::: Exercise data

lemma has_nth_le_enumerate: "has_nth B i \<Longrightarrow> i \<le> enumerate B i"
  by (cases "finite B") (auto simp: has_nth_def le_enumerate finite_le_enumerate)

lemma enumerate_surj: "k \<in> B \<Longrightarrow> \<exists>j. has_nth B j \<and> enumerate B j = k"
  unfolding has_nth_def by (metis enumerate_Ex finite_enumerate_Ex)

lemma card_less_enumerate:
  assumes "has_nth B i"
  shows "card {k\<in>B. k < enumerate B i} = i"
proof -
  have "{k\<in>B. k < enumerate B i} = enumerate B ` {..<i}"
  proof
    show "{k\<in>B. k < enumerate B i} \<subseteq> enumerate B ` {..<i}"
    proof
      fix k assume k: "k \<in> {k\<in>B. k < enumerate B i}"
      then obtain j where j: "has_nth B j" "enumerate B j = k" using enumerate_surj by blast
      then have "j < i"
        using k has_nth_enumerate_less[OF j(1), of i] by (cases i j rule: linorder_cases) auto
      then show "k \<in> enumerate B ` {..<i}" using j by auto
    qed
    show "enumerate B ` {..<i} \<subseteq> {k\<in>B. k < enumerate B i}"
      using has_nth_enumerate_less[OF assms] has_nth_enumerate_in by auto
  qed
  moreover have "inj_on (enumerate B) {..<i}"
    using has_nth_enumerate_less assms
    by (intro linorder_inj_onI') (metis lessThan_iff order_less_irrefl)
  ultimately show ?thesis by (simp add: card_image)
qed

lemma enumerate_eq_if_initial_agree:
  assumes agree: "B \<inter> {..N} = C \<inter> {..N}" and C: "has_nth C i" "enumerate C i \<le> N"
  shows "has_nth B i \<and> enumerate B i = enumerate C i"
proof -
  let ?e = "enumerate C i"
  have same: "k \<in> B \<longleftrightarrow> k \<in> C" if "k \<le> N" for k
    using agree that by blast
  have "?e \<in> B" using has_nth_enumerate_in[OF C(1)] same C(2) by blast
  then obtain j where j: "has_nth B j" "enumerate B j = ?e" using enumerate_surj by blast
  have "{k\<in>B. k < ?e} = {k\<in>C. k < ?e}" using same C(2) by auto
  then have "j = i" using card_less_enumerate[OF j(1)] card_less_enumerate[OF C(1)] j(2) by simp
  then show ?thesis using j by simp
qed

lemma sorted_list_of_set_eq_map_enumerate:
  assumes "finite B"
  shows "sorted_list_of_set B = map (enumerate B) [0..<card B]"
proof (rule strict_sorted_equal)
  show "sorted_wrt (<) (map (enumerate B) [0..<card B])"
    unfolding sorted_wrt_iff_nth_less by (simp add: assms finite_enumerate_mono)
  show "set (sorted_list_of_set B) = set (map (enumerate B) [0..<card B])"
    using bij_betw_imp_surj_on[OF finite_bij_enumerate[OF assms]] assms
    by (simp add: atLeast0LessThan)
qed simp

lemma eventually_initial_segments_agree:
  fixes As :: "nat \<Rightarrow> nat set"
  assumes "\<And>k. (\<lambda>n. indicator (As n) k :: real) \<longlonglongrightarrow> indicator A k"
  shows "eventually (\<lambda>n. As n \<inter> {..N} = A \<inter> {..N}) sequentially"
proof -
  have "eventually (\<lambda>n. k \<in> As n \<longleftrightarrow> k \<in> A) sequentially" for k
  proof -
    have "eventually (\<lambda>n. dist (indicator (As n) k :: real) (indicator A k) < 1) sequentially"
      using assms by (rule tendstoD) simp
    then show ?thesis by eventually_elim (auto simp: indicator_def dist_real_def split: if_splits)
  qed
  then have "eventually (\<lambda>n. \<forall>k\<in>{..N}. k \<in> As n \<longleftrightarrow> k \<in> A) sequentially"
    by (intro eventually_ball_finite) auto
  then show ?thesis by eventually_elim auto
qed

definition psum :: "(nat \<Rightarrow> real) \<Rightarrow> nat \<Rightarrow> real" where
  "psum x n = (\<Sum>k=1..n. x k)"

lemma psum_0 [simp]: "psum x 0 = 0"
  by (simp add: psum_def)

lemma sum_greaterThanAtMost_eq_psum_diff:
  assumes "a \<le> b"
  shows "(\<Sum>k\<in>{a<..b}. x k) = psum x b - psum x a"
proof -
  have "{1..b} = {1..a} \<union> {a<..b}" using assms by auto
  then have "psum x b = psum x a + (\<Sum>k\<in>{a<..b}. x k)"
    unfolding psum_def by (simp add: sum.union_disjoint ivl_disj_int)
  then show ?thesis by simp
qed

definition increasing_chain :: "(nat \<Rightarrow> nat) \<Rightarrow> nat \<Rightarrow> bool" where
  "increasing_chain p r \<longleftrightarrow> (\<forall>j<r. p j < p (Suc j))"

definition variation :: "(nat \<Rightarrow> real) \<Rightarrow> (nat \<Rightarrow> nat) \<Rightarrow> nat \<Rightarrow> real" where
  "variation x p r = (\<Sum>j<r. (psum x (p (Suc j)) - psum x (p j))^2)"

lemma increasing_chain_less:
  assumes "increasing_chain p r" "i < j" "j \<le> r"
  shows "p i < p j"
  using assms(2,3)
proof (induction j)
  case (Suc j)
  then show ?case
    using assms(1) unfolding increasing_chain_def
    by (cases "i = j") (auto intro: less_trans)
qed simp

lemma variation_in_J_values:
  assumes chain: "increasing_chain p r"
  shows "variation x p r \<in> J_values x"
proof -
  define I where "I j = (Suc (p j), p (Suc j))" for j
  have I_nonempty: "fst (I j) \<le> snd (I j)" if "j < r" for j
    using chain that by (simp add: I_def increasing_chain_def Suc_leI)
  have I_before: "snd (I i) < fst (I j)" if "i < j" "j < r" for i j
    using increasing_chain_less[OF chain, of "Suc i" j] that
    by (cases "Suc i = j") (auto simp: I_def)
  have inj: "inj_on I {..<r}"
  proof (rule linorder_inj_onI')
    fix i j assume "i \<in> {..<r}" "j \<in> {..<r}" "i < j"
    then show "I i \<noteq> I j" using I_before I_nonempty by (metis lessThan_iff leD order.strict_trans)
  qed
  have disjoint: "{fst a..snd a} \<inter> {fst b..snd b} = {}"
    if ab: "a \<in> I ` {..<r}" "b \<in> I ` {..<r}" "a \<noteq> b" for a b
  proof -
    obtain i j where ij: "i < r" "j < r" "a = I i" "b = I j" using ab(1,2) by blast
    then have "i < j \<or> j < i" using ab(3) by (metis linorder_neqE_nat)
    then show ?thesis using I_before ij by fastforce
  qed
  have "variation x p r = (\<Sum>q\<in>I ` {..<r}. (\<Sum>k=fst q..snd q. x k)^2)"
    unfolding variation_def sum.reindex[OF inj]
    using chain by (intro sum.cong) (auto simp: I_def increasing_chain_def less_imp_le
        atLeastSucAtMost_greaterThanAtMost sum_greaterThanAtMost_eq_psum_diff)
  moreover have "\<forall>q\<in>I ` {..<r}. 1 \<le> fst q \<and> fst q \<le> snd q"
    using I_nonempty by (auto simp: I_def)
  ultimately show ?thesis
    unfolding J_values_def using disjoint by blast
qed

lemma increasing_chain_glue:
  assumes "increasing_chain p r" "increasing_chain q s" "p r < q 0"
  shows "increasing_chain (\<lambda>j. if j \<le> r then p j else q (j - Suc r)) (r + Suc s)"
  unfolding increasing_chain_def
proof (intro allI impI)
  let ?c = "\<lambda>j. if j \<le> r then p j else q (j - Suc r)"
  fix j assume j: "j < r + Suc s"
  consider "j < r" | "j = r" | "r < j" by linarith
  then show "?c j < ?c (Suc j)"
  proof cases
    case 3
    then have "j - Suc r < s" "Suc j - Suc r = Suc (j - Suc r)" using j by simp_all
    then show ?thesis using 3 assms(2) by (simp add: increasing_chain_def)
  qed (use assms in \<open>auto simp: increasing_chain_def\<close>)
qed

lemma variation_glue:
  "variation x (\<lambda>j. if j \<le> r then p j else q (j - Suc r)) (r + Suc s)
     = variation x p r + (psum x (q 0) - psum x (p r))^2 + variation x q s"
proof (induction s)
  case 0
  have "variation x (\<lambda>j. if j \<le> r then p j else q (j - Suc r)) r = variation x p r"
    unfolding variation_def by (intro sum.cong) auto
  then show ?case by (simp add: variation_def)
next
  case (Suc s)
  then show ?case by (simp add: variation_def Suc_diff_le)
qed

lemma variation_tail_small:
  assumes "in_J x" "eps > 0"
  obtains N where "\<And>p r. increasing_chain p r \<Longrightarrow> N \<le> p 0 \<Longrightarrow> variation x p r \<le> eps"
proof -
  define V where "V = {variation x p r | p r. increasing_chain p r}"
  have "V \<subseteq> J_values x" using variation_in_J_values unfolding V_def by blast
  then have bdd: "bdd_above V" using assms(1) unfolding in_J_def by (rule bdd_above_mono[rotated])
  have "variation x id 0 \<in> V" unfolding V_def increasing_chain_def by blast
  moreover have "Sup V - eps < Sup V" using assms(2) by simp
  ultimately obtain v where "v \<in> V" "Sup V - eps < v" using less_cSupE by blast
  then obtain p r where pr: "increasing_chain p r" "Sup V - eps < variation x p r"
    unfolding V_def by blast
  show thesis
  proof (rule that[of "Suc (p r)"])
    fix q s assume q: "increasing_chain q s" "Suc (p r) \<le> q 0"
    let ?glued = "\<lambda>j. if j \<le> r then p j else q (j - Suc r)"
    have "increasing_chain ?glued (r + Suc s)"
      using increasing_chain_glue[OF pr(1) q(1)] q(2) by simp
    then have "variation x ?glued (r + Suc s) \<le> Sup V"
      using bdd unfolding V_def by (blast intro: cSup_upper)
    moreover have "0 \<le> (psum x (q 0) - psum x (p r))^2" by simp
    ultimately show "variation x q s \<le> eps"
      using pr(2) unfolding variation_glue by linarith
  qed
qed
lemma model_move_outside_coord_box:
  assumes k: "1 \<le> k" and v: "v \<in> topspace (Euclidean_space n)"
    and outside: "v \<notin> coord_box n (2 * real k + 2)"
  shows "model_move n k e a v = v \<and> model_control n k v = 0"
proof -
  obtain i where i: "i < n" "2 * real k + 2 < \<bar>v i\<bar>"
    using v outside unfolding coord_box_def topspace_Euclidean_space by force
  have "1 \<le> real k"
    using k by simp
  show ?thesis
  proof (cases "i = 0")
    case True
    have "\<forall>j\<in>{1..k}. 1 \<le> \<bar>v 0 - 2 * real j\<bar>"
    proof
      fix j assume "j \<in> {1..k}"
      then have "real j \<le> real k"
        by simp
      then show "1 \<le> \<bar>v 0 - 2 * real j\<bar>"
        using i(2) unfolding True by linarith
    qed
    moreover have "max 0 (1 - \<bar>v 0 + 2\<bar>) = 0"
      using i(2) \<open>1 \<le> real k\<close> unfolding True by simp
    ultimately show ?thesis
      by (simp add: model_move_off_slabs model_control_def)
  next
    case False
    then have "transverse_bump n v = 0"
      using i \<open>1 \<le> real k\<close> by (intro transverse_bump_eq_0[of i]) auto
    then show ?thesis
      unfolding model_move_def model_control_def by simp
  qed
qed
definition hb_jacobian :: "real \<Rightarrow> real \<Rightarrow> real^'n::finite^'n \<Rightarrow> real^('n + 'n)^('n + 'n)" where
  "hb_jacobian \<alpha> \<beta> H = (\<chi> a b. case (a, b) of
      (Inl i, Inl j) \<Rightarrow> (1 + \<beta>) * (mat 1 :: real^'n^'n) $ i $ j - \<alpha> * H $ i $ j
    | (Inl i, Inr j) \<Rightarrow> - \<beta> * (mat 1 :: real^'n^'n) $ i $ j
    | (Inr i, Inl j) \<Rightarrow> (mat 1 :: real^'n^'n) $ i $ j
    | (Inr i, Inr j) \<Rightarrow> 0)"

definition cmat :: "real^'m::finite^'m \<Rightarrow> complex^'m^'m" where
  "cmat A = (\<chi> i j. complex_of_real (A $ i $ j))"

definition cvec :: "real^'m::finite \<Rightarrow> complex^'m" where
  "cvec z = (\<chi> i. complex_of_real (z $ i))"

definition gen_eigenspace :: "complex^'m::finite^'m \<Rightarrow> complex \<Rightarrow> (complex^'m) set" where
  "gen_eigenspace A \<mu> = {w. \<exists>k. ((\<lambda>u. A *v u - \<mu> *s u) ^^ k) w = 0}"

definition unstable_subspace :: "real^'m::finite^'m \<Rightarrow> (real^'m) set" where
  "unstable_subspace A = {z. \<exists>F w. finite F \<and>
      (\<forall>\<mu>\<in>F. cmod \<mu> > 1 \<and> w \<mu> \<in> gen_eigenspace (cmat A) \<mu>) \<and>
      cvec z = (\<Sum>\<mu>\<in>F. w \<mu>)}"

end

theory Submission
  imports Defs
begin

::::::

# Instructions for the task:
Repeat only what lies between the first line of the data and the line containing "fix k assume", both of those lines included, exactly as it stands.

# Output of the task:
lemma has_nth_le_enumerate: "has_nth B i \<Longrightarrow> i \<le> enumerate B i"
  by (cases "finite B") (auto simp: has_nth_def le_enumerate finite_le_enumerate)

lemma enumerate_surj: "k \<in> B \<Longrightarrow> \<exists>j. has_nth B j \<and> enumerate B j = k"
  unfolding has_nth_def by (metis enumerate_Ex finite_enumerate_Ex)

lemma card_less_enumerate:
  assumes "has_nth B i"
  shows "card {k\<in>B. k < enumerate B i} = i"
proof -
  have "{k\<in>B. k < enumerate B i} = enumerate B ` {..<i}"
  proof
    show "{k\<in>B. k < enumerate B i} \<subseteq> enumerate B ` {..<i}"
    proof
      fix k assume k: "k \<in> {k\<in>B. k < enumerate B i}"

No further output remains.